I have a problem with an EC2 instance. In the past the instance suddenly lost the connections via SSH and Web (Apache dead and the other servers), and I could not even make ping. However, when I went to my account in AWS console the status showed that the instance was running without any problems and was connected to the Web. I never could really know why that was happening and the only solution I found was to stop the instance for a few minutes from my AWS account's console and then start it again after a few minutes. After that if I tried to connect to the instance worked like it never happened.

To avoid all of these problems, I created a new instance from scratch and migrated all my projects to the new instance. At first everything worked fine, then I had MySQL errors and looking for information I found it was because there was no swap memory. To solve the problem I manually configured the swap memory and it solved my problem with MySQL, but this morning this new instance generated the same error I had in the original instance, was totally cut off and the AWS console was showing the status that the instance had not problems. I turned it off for a few minutes and turned it back on, and it solved the problem.
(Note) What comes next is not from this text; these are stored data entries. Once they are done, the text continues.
(* Let $b>1$, $p\ge1$ and $R\subseteq\{0,\ldots,p-1\}$ be such that $(p,R)$ is proper, and let $k$ be the greatest divisor of $p$ coprime with $b$. Then the minimisation of $\mathcal{A}_{R,p}$ possesses exactly $k$ states that belong to $0$-circuits.
   Context: $A_b=\{0,\ldots,b-1\}$. $\mathcal{A}_{R,p}$ is the complete deterministic automaton over $A_b$ with states $\{0,\ldots,p-1\}$, initial state $0$, final states $R$, and transitions $n\xrightarrow{a}(nb+a)\bmod p$. $(p,R)$ is proper if $p$ is the smallest period of $R+p\mathbb{N}$, i.e. there are no $1\le p'<p$ and $R'\subseteq\{0,\ldots,p'-1\}$ with $R+p\mathbb{N}=R'+p'\mathbb{N}$. The minimisation of a complete deterministic automaton is the (unique up to isomorphism) complete deterministic automaton with the fewest states accepting the same language. A $0$-circuit is a circuit all of whose transitions are labelled by the digit $0$. *)

theory Defs
  imports Main "HOL-Computational_Algebra.Primes"
begin

definition complete_dfa :: "nat \<Rightarrow> nat set \<Rightarrow> nat \<Rightarrow> nat set \<Rightarrow> (nat \<Rightarrow> nat \<Rightarrow> nat) \<Rightarrow> bool" where
  "complete_dfa b Q q0 F delta \<longleftrightarrow>
     finite Q \<and> q0 \<in> Q \<and> F \<subseteq> Q \<and> (\<forall>q\<in>Q. \<forall>a<b. delta q a \<in> Q)"

definition dfa_lang :: "nat \<Rightarrow> nat \<Rightarrow> nat set \<Rightarrow> (nat \<Rightarrow> nat \<Rightarrow> nat) \<Rightarrow> nat list set" where
  "dfa_lang b q0 F delta = {w. set w \<subseteq> {..<b} \<and> foldl delta q0 w \<in> F}"

definition A_delta :: "nat \<Rightarrow> nat \<Rightarrow> nat \<Rightarrow> nat \<Rightarrow> nat" where
  "A_delta b p n a = (n * b + a) mod p"

definition A_lang :: "nat \<Rightarrow> nat \<Rightarrow> nat set \<Rightarrow> nat list set" where
  "A_lang b p R = dfa_lang b 0 R (A_delta b p)"

definition is_minimisation :: "nat \<Rightarrow> nat list set \<Rightarrow> nat set \<Rightarrow> nat \<Rightarrow> nat set \<Rightarrow> (nat \<Rightarrow> nat \<Rightarrow> nat) \<Rightarrow> bool" where
  "is_minimisation b L Q q0 F delta \<longleftrightarrow>
     complete_dfa b Q q0 F delta \<and> dfa_lang b q0 F delta = L \<and>
     (\<forall>Q' q0' F' delta'. complete_dfa b Q' q0' F' delta' \<and> dfa_lang b q0' F' delta' = L
        \<longrightarrow> card Q \<le> card Q')"
locale glued_fences =
  fixes n s :: nat and R' A B :: "(nat list \<times> nat list) set"
  assumes s: "2 \<le> s"
    and F: "fences_of n R' = fences_of s A \<union> shift_fence (s-1) ` fences_of (n+1-s) B
                    \<union> fence_downset n {(s-1, s+1, {}), (s-1, s+1, {s})}"
begin

lemma fences_of_low:
  assumes "1 \<le> a" "a < b" "b \<le> s"
  shows "(a,b,L) \<in> fences_of n R' \<longleftrightarrow> (a,b,L) \<in> fences_of s A"
proof -
  have "(a,b,L) \<notin> shift_fence (s-1) ` fences_of (n+1-s) B"
    using assms s by (auto simp: fences_of_def is_fence_def shift_fence_def)
  moreover have "(a,b,L) \<notin> fence_downset n {(s-1, s+1, {}), (s-1, s+1, {s})}"
    using assms unfolding fence_downset_def forces_def by auto
  ultimately show ?thesis using F by blast
qed

lemma fences_of_high:
  assumes "1 \<le> a" "a < b"
  shows "shift_fence (s-1) (a,b,L) \<in> fences_of n R' \<longleftrightarrow> (a,b,L) \<in> fences_of (n+1-s) B"
proof -
  have "shift_fence (s-1) (a,b,L) \<notin> fences_of s A"
    using assms s by (auto simp: fences_of_def is_fence_def shift_fence_def)
  moreover have "shift_fence (s-1) (a,b,L) \<notin> fence_downset n {(s-1, s+1, {}), (s-1, s+1, {s})}"
    using assms s unfolding fence_downset_def forces_def shift_fence_def by auto
  moreover have "inj (shift_fence (s-1))" by (metis injI unshift_shift_fence)
  ultimately show ?thesis using F by (auto simp: inj_image_mem_iff)
qed

end

lemma quotient_glued_iso:
  fixes n s :: nat and R' A B :: "(nat list \<times> nat list) set"
  assumes sn: "2 \<le> s" "s \<le> n - 1"
    and A: "lattice_cong s A" and B: "lattice_cong (n+1-s) B" and R': "lattice_cong n R'"
    and F: "fences_of n R' = fences_of s A \<union> shift_fence (s-1) ` fences_of (n+1-s) B
                    \<union> fence_downset n {(s-1, s+1, {}), (s-1, s+1, {s})}"
  shows "order_iso (quot n R') quot_le (quot s A \<times> quot (n+1-s) B) (prod_le quot_le quot_le)"
proof -
  interpret glued_fences n s R' A B using sn(1) F by unfold_locales
  have s: "1 \<le> s" "s \<le> n" using sn by auto
  interpret product_decomposition n s s R' A B
  proof (unfold_locales)
    show "1 \<le> s" "s \<le> n" "s = s \<or> s = Suc s" using s by auto
    show "lattice_cong n R'" "lattice_cong s A" "lattice_cong (n+1-s) B" by (fact R' A B)+
  next
    fix U c d V assume p: "U @ [c,d] @ V \<in> perms n" and cd: "c < s" "s < d"
    define L where "L = {x\<in>{c<..<d}. x \<in> set U}"
    have "is_fence n (c,d,L)" using p cd unfolding is_fence_def L_def by (auto simp: perms_def)
    then have "(c,d,L) \<in> fences_of n R'" using straddling_in_fence_downset[OF sn(1) _ cd] F by blast
    then show "(U @ [c,d] @ V, U @ [d,c] @ V) \<in> R'" using fences_of_contracts_edge p L_def by blast
  next
    fix a b L assume "1 \<le> a" "a < b" "b \<le> s" "L \<subseteq> {a<..<b}"
    then show "(a,b,L) \<in> fences_of s A \<longleftrightarrow> (a,b,L) \<in> fences_of n R'" using fences_of_low by blast
  next
    fix a b L assume "1 \<le> a" "a < b" "b \<le> n+1-s" "L \<subseteq> {a<..<b}"
    then show "(a,b,L) \<in> fences_of (n+1-s) B \<longleftrightarrow> shift_fence (s-1) (a,b,L) \<in> fences_of n R'"
      using fences_of_high by blast
  next
    fix p q assume pq: "p \<in> perms s" "q \<in> perms (n+1-s)"
    show "\<exists>X Y. X @ p @ Y \<in> perms n \<and> filter (\<lambda>x. s \<le> x) (X @ p @ Y) = map (\<lambda>x. x + (s-1)) q
        \<and> (\<forall>x\<in>set X \<union> set Y. s < x)"
      by (rule glue_low_into_high[OF pq s]) blast
    show "\<exists>X Y. X @ map (\<lambda>x. x + (s-1)) q @ Y \<in> perms n
        \<and> filter (\<lambda>x. x \<le> s) (X @ map (\<lambda>x. x + (s-1)) q @ Y) = p \<and> (\<forall>x\<in>set X \<union> set Y. x < s)"
      by (rule glue_high_into_low[OF pq s]) blast
  next
    fix p p' q q' assume "p \<in> perms s" "p' \<in> perms s" "q \<in> perms (n+1-s)" "q' \<in> perms (n+1-s)"
      "weak_le p p'" "weak_le q q'"
    then show "\<exists>w w'. w \<in> perms n \<and> w' \<in> perms n \<and> filter (\<lambda>x. x \<le> s) w = p
        \<and> map (\<lambda>x. x - (s-1)) (filter (\<lambda>x. s \<le> x) w) = q
        \<and> filter (\<lambda>x. x \<le> s) w' = p' \<and> map (\<lambda>x. x - (s-1)) (filter (\<lambda>x. s \<le> x) w') = q'
        \<and> weak_le w w'"
      using s by (rule glued_lift_le)
  qed
  show ?thesis by (rule order_iso_factor_quotients)
qed

theorem mainTheorem7:
  fixes n s :: nat
    and R A B :: "(nat list \<times> nat list) set"
  assumes "n \<ge> 2" and "1 \<le> s" and "s \<le> n"
    and "lattice_cong (n+1) R"
    and "(s, s+1, {}) \<in> fences_of (n+1) R"
    and "lattice_cong s A"
    and "fences_of s A = {(a,b,L) \<in> fences_of (n+1) R. 1 \<le> a \<and> a < b \<and> b \<le> s}"
    and "lattice_cong (n+1-s) B"
    and "fences_of (n+1-s) B =
           unshift_fence s ` {(a,b,L) \<in> fences_of (n+1) R. s+1 \<le> a \<and> a < b \<and> b \<le> n+1}"
  shows "order_iso (quot (n+1) R) quot_le (quot s A \<times> quot (n+1-s) B) (prod_le quot_le quot_le)
         \<and> (2 \<le> s \<and> s \<le> n - 1 \<longrightarrow>
              (\<forall>R'. lattice_cong n R' \<and>
                 fences_of n R' = fences_of s A \<union> shift_fence (s-1) ` fences_of (n+1-s) B
                    \<union> fence_downset n {(s-1, s+1, {}), (s-1, s+1, {s})}
               \<longrightarrow> order_iso (quot n R') quot_le (quot s A \<times> quot (n+1-s) B) (prod_le quot_le quot_le)
                   \<and> order_iso (quot (n+1) R) quot_le (quot n R') quot_le))"
proof (intro conjI impI allI)
  show split: "order_iso (quot (n+1) R) quot_le (quot s A \<times> quot (n+1-s) B) (prod_le quot_le quot_le)"
    using quotient_split_iso assms(2-9) by blast
  fix R' assume "2 \<le> s \<and> s \<le> n - 1" and "lattice_cong n R' \<and>
    fences_of n R' = fences_of s A \<union> shift_fence (s-1) ` fences_of (n+1-s) B
      \<union> fence_downset n {(s-1, s+1, {}), (s-1, s+1, {s})}"
  then show glued: "order_iso (quot n R') quot_le (quot s A \<times> quot (n+1-s) B) (prod_le quot_le quot_le)"
    using quotient_glued_iso assms(6,8) by blast
  show "order_iso (quot (n+1) R) quot_le (quot n R') quot_le"
    using order_iso_trans[OF split order_iso_sym[OF glued]] .
qed
lemma tendsto_of_eventually_le_mult:
  fixes g :: "'a \<Rightarrow> real"
  assumes "\<And>\<epsilon>. \<epsilon> > 0 \<Longrightarrow> \<forall>\<^sub>F x in F. \<bar>g x - l\<bar> \<le> C * \<epsilon>"
  shows "(g \<longlongrightarrow> l) F"
proof (rule tendstoI)
  fix e :: real assume "e > 0"
  then have ev: "\<forall>\<^sub>F x in F. \<bar>g x - l\<bar> \<le> C * (e / (\<bar>C\<bar> + 1))"
    by (intro assms) (simp add: add_nonneg_pos)
  have bound: "C * (e / (\<bar>C\<bar> + 1)) < e"
  proof -
    have "C * (e / (\<bar>C\<bar> + 1)) \<le> \<bar>C\<bar> * (e / (\<bar>C\<bar> + 1))"
      using \<open>e > 0\<close> by (intro mult_right_mono) (auto simp: add_nonneg_pos)
    also have "\<dots> < e"
      using \<open>e > 0\<close> by (simp add: field_simps add_nonneg_pos)
    finally show ?thesis .
  qed
  show "\<forall>\<^sub>F x in F. dist (g x) l < e"
    using ev by (rule eventually_mono) (use bound in \<open>simp add: dist_real_def\<close>)
qed

section \<open>Dilations of a local averaging kernel\<close>

lemma filterlim_dyadic_at_top: "filterlim (\<lambda>j::int. 2 powr real_of_int j) at_top at_top"
proof -
  have "filterlim (\<lambda>x::real. 2 powr x) at_top at_top" by real_asymp
  from filterlim_compose[OF this filterlim_real_of_int_at_top] show ?thesis by (simp add: o_def)
qed

lemma filterlim_dyadic_at_bot: "filterlim (\<lambda>j::int. 2 powr real_of_int j) (at_right 0) at_bot"
proof -
  have "filterlim (\<lambda>x::real. 2 powr x) (at_right 0) at_bot" by real_asymp
  from filterlim_compose[OF this filterlim_real_of_int_at_bot] show ?thesis by (simp add: o_def)
qed

locale averaging_kernel =
  fixes K :: "real \<Rightarrow> real \<Rightarrow> real" and B r :: real
  assumes kernel_measurable: "(\<lambda>p. K (fst p) (snd p)) \<in> borel_measurable (lborel \<Otimes>\<^sub>M lborel)"
    and kernel_bounded: "\<And>x y. \<bar>K x y\<bar> \<le> B"
    and radius_pos: "r > 0"
    and kernel_local: "\<And>x y. r < \<bar>x - y\<bar> \<Longrightarrow> K x y = 0"
    and kernel_row_integral: "\<And>x. (LINT y|lborel. K x y) = 1"
begin

definition dilated_form :: "real \<Rightarrow> (real \<Rightarrow> real) \<Rightarrow> (real \<Rightarrow> real) \<Rightarrow> real" where
  "dilated_form a u v = a * (\<integral>p. u (fst p) * K (a * fst p) (a * snd p) * v (snd p) \<partial>(lborel \<Otimes>\<^sub>M lborel))"

lemma bound_nonneg: "B \<ge> 0"
  using kernel_bounded[of 0 0] by simp

lemma dilated_kernel_measurable [measurable]:
  "(\<lambda>p. K (a * fst p) (a * snd p)) \<in> borel_measurable (lborel \<Otimes>\<^sub>M lborel)"
proof -
  have "(\<lambda>p. (a * fst p, a * snd p)) \<in> (lborel \<Otimes>\<^sub>M lborel) \<rightarrow>\<^sub>M (lborel \<Otimes>\<^sub>M lborel)"
    by measurable
  from measurable_compose[OF this kernel_measurable] show ?thesis
    by (simp add: o_def)
qed

lemma dilated_kernel_le_band:
  assumes "a > 0"
  shows "\<bar>K (a * x) (a * y)\<bar> \<le> B * band (r / a) x y"
proof (cases "\<bar>x - y\<bar> \<le> r / a")
  case True
  then show ?thesis using kernel_bounded by (simp add: band_def)
next
  case False
  then have "r < a * \<bar>x - y\<bar>"
    using assms by (simp add: field_simps)
  then have "r < \<bar>a * x - a * y\<bar>"
    using assms by (simp add: abs_mult right_diff_distrib[symmetric])
  then show ?thesis using kernel_local False by (simp add: band_def)
qed

lemma abs_dilated_integrand_le:
  assumes a: "a > 0" and t: "t > 0"
  shows "\<bar>u * K (a * x) (a * y) * w\<bar>
    \<le> B * t\<^sup>2 / 2 * (u\<^sup>2 * band (r / a) x y) + B / (2 * t\<^sup>2) * (band (r / a) x y * w\<^sup>2)"
proof -
  have "\<bar>u * K (a * x) (a * y) * w\<bar> = \<bar>K (a * x) (a * y)\<bar> * \<bar>u * w\<bar>"
    by (simp add: abs_mult)
  also have "\<dots> \<le> (B * band (r / a) x y) * ((t\<^sup>2 * u\<^sup>2 + w\<^sup>2 / t\<^sup>2) / 2)"
    using dilated_kernel_le_band[OF a] abs_mult_le_weighted_squares[OF t] bound_nonneg band_nonneg
    by (intro mult_mono) auto
  also have "\<dots> = B * t\<^sup>2 / 2 * (u\<^sup>2 * band (r / a) x y) + B / (2 * t\<^sup>2) * (band (r / a) x y * w\<^sup>2)"
    by (simp add: field_simps)
  finally show ?thesis .
qed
The command that I executed for configuring the swap was this one:

dd if=/dev/zero of=/swapfile bs=1M count=1024
mkswap /swapfile
swapon /swapfile

after add this line to file /etc/fstab

/swapfile swap swap defaults 0 0

finally run these commands

$ swapon -s   
$ free -m
$ swapoff -a
$ swapon  -a

Was this problem originated from the changes with the swap memory? This problem was never shown in this new instance. What should I do to solve these problems?

Best Answer

Given that you default to no swap on this instance, I'm going to assume your instance is of type 't1.micro'. The micro instances can burst up to 2 ECUs (EC2 Compute Units) for very short periods, but are allocated low average CPU resources. On bursting to high CPU levels for a short period, your CPU resources are pegged to a low baseline level for a time afterward. Depending on your workload during this period, it's not unusual for the instance to become uncontactable. Given time, the instance should become contactable again, As you've observed, stopping and starting the instance can also help.

More information on t1.micro instance resources is available here:

I suggest changing your instance type to m1.small for a while to verify the above. If this does then appear to be the issue, you will need to either upgrade your instance type permanently, or consider running a more lightweight stack, such as for example lighttpd and sqlite.